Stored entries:
lemma diff_op_multiplier_estimate:
  fixes w :: "real \<Rightarrow> real" and h :: "real \<Rightarrow> complex"
  assumes bd: "bloch_data k0 \<kappa> M \<phi> \<phi>0 \<theta>" and \<kappa>: "0 \<le> \<kappa>"
    and [measurable]: "w \<in> borel_measurable borel"
    and w_supp: "\<And>k. \<kappa> < \<bar>k - k0\<bar> \<Longrightarrow> w k = 0"
    and w_bound: "\<And>k. \<bar>(k - k0) * w k\<bar> \<le> B"
    and h: "sq_int h" and wh: "sq_int (\<lambda>k. w k * h k)"
  shows "sq_int (diff_op \<phi> \<phi>0 (\<lambda>k. w k * h k)) \<and>
    L2norm (diff_op \<phi> \<phi>0 (\<lambda>k. w k * h k)) \<le> sqrt (2 * (1 + 4 * \<kappa>\<^sup>2)) * \<bar>M\<bar> * B * L2norm h"
proof -
  define u where "u k = w k * h k" for k
  have [measurable]: "(\<lambda>(x, k). \<phi> x k) \<in> borel_measurable (lborel \<Otimes>\<^sub>M lborel)"
      "\<phi>0 \<in> borel_measurable lborel"
    using bd unfolding bloch_data_def by auto
  have [measurable]: "h \<in> borel_measurable borel"
    using h by (simp add: sq_int_def)
  have u_supp: "\<And>k. \<kappa> < \<bar>k - k0\<bar> \<Longrightarrow> u k = 0"
    by (simp add: u_def w_supp)
  have u: "integrable lborel u"
    using wh unfolding u_def[symmetric]
    by (rule integrable_of_sq_int_bounded_support[where a="k0 - \<kappa>" and b="k0 + \<kappa>"])
      (auto intro!: u_supp)
  have "cmod (complex_of_real (k - k0) * u k) \<le> B * cmod (h k)" for k
    using mult_right_mono[OF w_bound[of k] norm_ge_zero[of "h k"]]
    unfolding u_def norm_mult norm_of_real by (simp add: abs_mult mult.assoc)
  then have "(\<integral>\<^sup>+k. (cmod (complex_of_real (k - k0) * u k))\<^sup>2 \<partial>lborel)
      \<le> ennreal (B\<^sup>2) * ennreal ((L2norm h)\<^sup>2)"
    using nn_integral_sq_le_mult[of h _ B] nn_integral_sq_eq_L2norm[OF h] by simp
  moreover have "(\<integral>\<^sup>+x. (cmod (diff_op \<phi> \<phi>0 u x))\<^sup>2 \<partial>lborel)
      \<le> ennreal (2 * M\<^sup>2 * (1 + 4 * \<kappa>\<^sup>2))
          * (\<integral>\<^sup>+k. (cmod (complex_of_real (k - k0) * u k))\<^sup>2 \<partial>lborel)"
    using bd \<kappa> u u_supp by (rule nn_integral_diff_op_sq_le)
  ultimately have "(\<integral>\<^sup>+x. (cmod (diff_op \<phi> \<phi>0 u x))\<^sup>2 \<partial>lborel)
      \<le> ennreal (2 * M\<^sup>2 * (1 + 4 * \<kappa>\<^sup>2)) * (ennreal (B\<^sup>2) * ennreal ((L2norm h)\<^sup>2))"
    by (meson order_trans mult_left_mono zero_le)
  also have "\<dots> = ennreal ((sqrt (2 * (1 + 4 * \<kappa>\<^sup>2)) * \<bar>M\<bar> * B * L2norm h)\<^sup>2)"
    by (simp add: ennreal_mult[symmetric] power_mult_distrib mult_ac)
  finally have "(\<integral>\<^sup>+x. (cmod (diff_op \<phi> \<phi>0 u x))\<^sup>2 \<partial>lborel)
      \<le> ennreal ((sqrt (2 * (1 + 4 * \<kappa>\<^sup>2)) * \<bar>M\<bar> * B * L2norm h)\<^sup>2)" .
  moreover have "0 \<le> B"
    using w_bound[of k0] by simp
  moreover have "diff_op \<phi> \<phi>0 u \<in> borel_measurable lborel"
    unfolding diff_op_def[abs_def] Psi_adj_def Phi_adj_def u_def by measurable
  ultimately show ?thesis
    unfolding u_def[symmetric] by (intro sq_int_L2norm_le) (auto simp: L2norm_def)
qed

section \<open>The two multipliers\<close>

lemma powr_ratio_le_1:
  fixes e \<rho> q :: real
  assumes "0 < e" "e \<le> \<rho>" "0 \<le> q"
  shows "e powr q * \<rho> powr (-q) \<le> 1"
proof -
  have "e powr q * \<rho> powr (-q) \<le> e powr q * e powr (-q)"
    using assms by (intro mult_left_mono powr_mono2') auto
  also have "\<dots> = 1"
    using assms by (simp add: powr_add[symmetric])
  finally show ?thesis .
qed

lemma weight_bound_min_1:
  fixes t \<epsilon> \<rho> q \<kappa> :: real
  assumes t: "0 \<le> t" "t \<le> \<kappa>" "t \<le> \<rho>" and \<epsilon>: "0 < \<epsilon>" "\<epsilon> \<le> \<rho>" and q: "0 \<le> q"
  shows "t * (\<epsilon> powr q * \<rho> powr (-q)) \<le> (1 + \<kappa>) * \<epsilon> powr (min 1 q)"
proof (cases "1 \<le> q")
  case True
  have "t * (\<epsilon> powr q * \<rho> powr (-q)) \<le> \<epsilon> powr q * (\<rho> * \<rho> powr (-q))"
    using t by (simp add: mult_right_mono mult.left_commute)
  also have "\<dots> = \<epsilon> powr q * \<rho> powr (1 - q)"
    using powr_add[of \<rho> 1 "-q"] \<epsilon> by simp
  also have "\<dots> \<le> \<epsilon> powr q * \<epsilon> powr (1 - q)"
    using True \<epsilon> by (intro mult_left_mono powr_mono2') auto
  also have "\<dots> = \<epsilon>"
    using \<epsilon> by (simp add: powr_add[symmetric])
  also have "\<dots> \<le> (1 + \<kappa>) * \<epsilon> powr (min 1 q)"
    using True \<epsilon> t by simp
  finally show ?thesis .
next
  case False
  show ?thesis
  proof (cases "t = 0")
    case False
    then have "0 < t"
      using t by simp
    have "t * (\<epsilon> powr q * \<rho> powr (-q)) \<le> t * (\<epsilon> powr q * t powr (-q))"
      using \<open>0 < t\<close> t q by (intro mult_left_mono powr_mono2') auto
    also have "\<dots> = \<epsilon> powr q * t powr (1 - q)"
      using powr_add[of t 1 "-q"] \<open>0 < t\<close> by (simp add: mult_ac)
    also have "\<dots> \<le> \<epsilon> powr q * (1 + \<kappa>) powr 1"
      using \<open>\<not> 1 \<le> q\<close> t q by (intro mult_left_mono order_trans[OF powr_mono2 powr_mono]) auto
    finally show ?thesis
      using \<open>\<not> 1 \<le> q\<close> t by (simp add: mult.commute)
  qed (use t in simp)
qed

**Directions**
Whatever appears in the records must be returned exactly.

**Response to the exercise**
lemma diff_op_multiplier_estimate:
  fixes w :: "real \<Rightarrow> real" and h :: "real \<Rightarrow> complex"
  assumes bd: "bloch_data k0 \<kappa> M \<phi> \<phi>0 \<theta>" and \<kappa>: "0 \<le> \<kappa>"
    and [measurable]: "w \<in> borel_measurable borel"
    and w_supp: "\<And>k. \<kappa> < \<bar>k - k0\<bar> \<Longrightarrow> w k = 0"
    and w_bound: "\<And>k. \<bar>(k - k0) * w k\<bar> \<le> B"
    and h: "sq_int h" and wh: "sq_int (\<lambda>k. w k * h k)"
  shows "sq_int (diff_op \<phi> \<phi>0 (\<lambda>k. w k * h k)) \<and>
    L2norm (diff_op \<phi> \<phi>0 (\<lambda>k. w k * h k)) \<le> sqrt (2 * (1 + 4 * \<kappa>\<^sup>2)) * \<bar>M\<bar> * B * L2norm h"
proof -
  define u where "u k = w k * h k" for k
  have [measurable]: "(\<lambda>(x, k). \<phi> x k) \<in> borel_measurable (lborel \<Otimes>\<^sub>M lborel)"
      "\<phi>0 \<in> borel_measurable lborel"
    using bd unfolding bloch_data_def by auto
  have [measurable]: "h \<in> borel_measurable borel"
    using h by (simp add: sq_int_def)
  have u_supp: "\<And>k. \<kappa> < \<bar>k - k0\<bar> \<Longrightarrow> u k = 0"
    by (simp add: u_def w_supp)
  have u: "integrable lborel u"
    using wh unfolding u_def[symmetric]
    by (rule integrable_of_sq_int_bounded_support[where a="k0 - \<kappa>" and b="k0 + \<kappa>"])
      (auto intro!: u_supp)
  have "cmod (complex_of_real (k - k0) * u k) \<le> B * cmod (h k)" for k
    using mult_right_mono[OF w_bound[of k] norm_ge_zero[of "h k"]]
    unfolding u_def norm_mult norm_of_real by (simp add: abs_mult mult.assoc)
  then have "(\<integral>\<^sup>+k. (cmod (complex_of_real (k - k0) * u k))\<^sup>2 \<partial>lborel)
      \<le> ennreal (B\<^sup>2) * ennreal ((L2norm h)\<^sup>2)"
    using nn_integral_sq_le_mult[of h _ B] nn_integral_sq_eq_L2norm[OF h] by simp
  moreover have "(\<integral>\<^sup>+x. (cmod (diff_op \<phi> \<phi>0 u x))\<^sup>2 \<partial>lborel)
      \<le> ennreal (2 * M\<^sup>2 * (1 + 4 * \<kappa>\<^sup>2))
          * (\<integral>\<^sup>+k. (cmod (complex_of_real (k - k0) * u k))\<^sup>2 \<partial>lborel)"
    using bd \<kappa> u u_supp by (rule nn_integral_diff_op_sq_le)
  ultimately have "(\<integral>\<^sup>+x. (cmod (diff_op \<phi> \<phi>0 u x))\<^sup>2 \<partial>lborel)
      \<le> ennreal (2 * M\<^sup>2 * (1 + 4 * \<kappa>\<^sup>2)) * (ennreal (B\<^sup>2) * ennreal ((L2norm h)\<^sup>2))"
    by (meson order_trans mult_left_mono zero_le)
  also have "\<dots> = ennreal ((sqrt (2 * (1 + 4 * \<kappa>\<^sup>2)) * \<bar>M\<bar> * B * L2norm h)\<^sup>2)"
    by (simp add: ennreal_mult[symmetric] power_mult_distrib mult_ac)
  finally have "(\<integral>\<^sup>+x. (cmod (diff_op \<phi> \<phi>0 u x))\<^sup>2 \<partial>lborel)
      \<le> ennreal ((sqrt (2 * (1 + 4 * \<kappa>\<^sup>2)) * \<bar>M\<bar> * B * L2norm h)\<^sup>2)" .
  moreover have "0 \<le> B"
    using w_bound[of k0] by simp
  moreover have "diff_op \<phi> \<phi>0 u \<in> borel_measurable lborel"
    unfolding diff_op_def[abs_def] Psi_adj_def Phi_adj_def u_def by measurable
  ultimately show ?thesis
    unfolding u_def[symmetric] by (intro sq_int_L2norm_le) (auto simp: L2norm_def)
qed

section \<open>The two multipliers\<close>

lemma powr_ratio_le_1:
  fixes e \<rho> q :: real
  assumes "0 < e" "e \<le> \<rho>" "0 \<le> q"
  shows "e powr q * \<rho> powr (-q) \<le> 1"
proof -
  have "e powr q * \<rho> powr (-q) \<le> e powr q * e powr (-q)"
    using assms by (intro mult_left_mono powr_mono2') auto
  also have "\<dots> = 1"
    using assms by (simp add: powr_add[symmetric])
  finally show ?thesis .
qed

lemma weight_bound_min_1:
  fixes t \<epsilon> \<rho> q \<kappa> :: real
  assumes t: "0 \<le> t" "t \<le> \<kappa>" "t \<le> \<rho>" and \<epsilon>: "0 < \<epsilon>" "\<epsilon> \<le> \<rho>" and q: "0 \<le> q"
  shows "t * (\<epsilon> powr q * \<rho> powr (-q)) \<le> (1 + \<kappa>) * \<epsilon> powr (min 1 q)"
proof (cases "1 \<le> q")
  case True
  have "t * (\<epsilon> powr q * \<rho> powr (-q)) \<le> \<epsilon> powr q * (\<rho> * \<rho> powr (-q))"
    using t by (simp add: mult_right_mono mult.left_commute)
  also have "\<dots> = \<epsilon> powr q * \<rho> powr (1 - q)"
    using powr_add[of \<rho> 1 "-q"] \<epsilon> by simp
  also have "\<dots> \<le> \<epsilon> powr q * \<epsilon> powr (1 - q)"
    using True \<epsilon> by (intro mult_left_mono powr_mono2') auto
  also have "\<dots> = \<epsilon>"
    using \<epsilon> by (simp add: powr_add[symmetric])
  also have "\<dots> \<le> (1 + \<kappa>) * \<epsilon> powr (min 1 q)"
    using True \<epsilon> t by simp
  finally show ?thesis .
next
  case False
  show ?thesis
  proof (cases "t = 0")
    case False
    then have "0 < t"
      using t by simp
    have "t * (\<epsilon> powr q * \<rho> powr (-q)) \<le> t * (\<epsilon> powr q * t powr (-q))"
      using \<open>0 < t\<close> t q by (intro mult_left_mono powr_mono2') auto
    also have "\<dots> = \<epsilon> powr q * t powr (1 - q)"
      using powr_add[of t 1 "-q"] \<open>0 < t\<close> by (simp add: mult_ac)
    also have "\<dots> \<le> \<epsilon> powr q * (1 + \<kappa>) powr 1"
      using \<open>\<not> 1 \<le> q\<close> t q by (intro mult_left_mono order_trans[OF powr_mono2 powr_mono]) auto
    finally show ?thesis
      using \<open>\<not> 1 \<le> q\<close> t by (simp add: mult.commute)
  qed (use t in simp)
qed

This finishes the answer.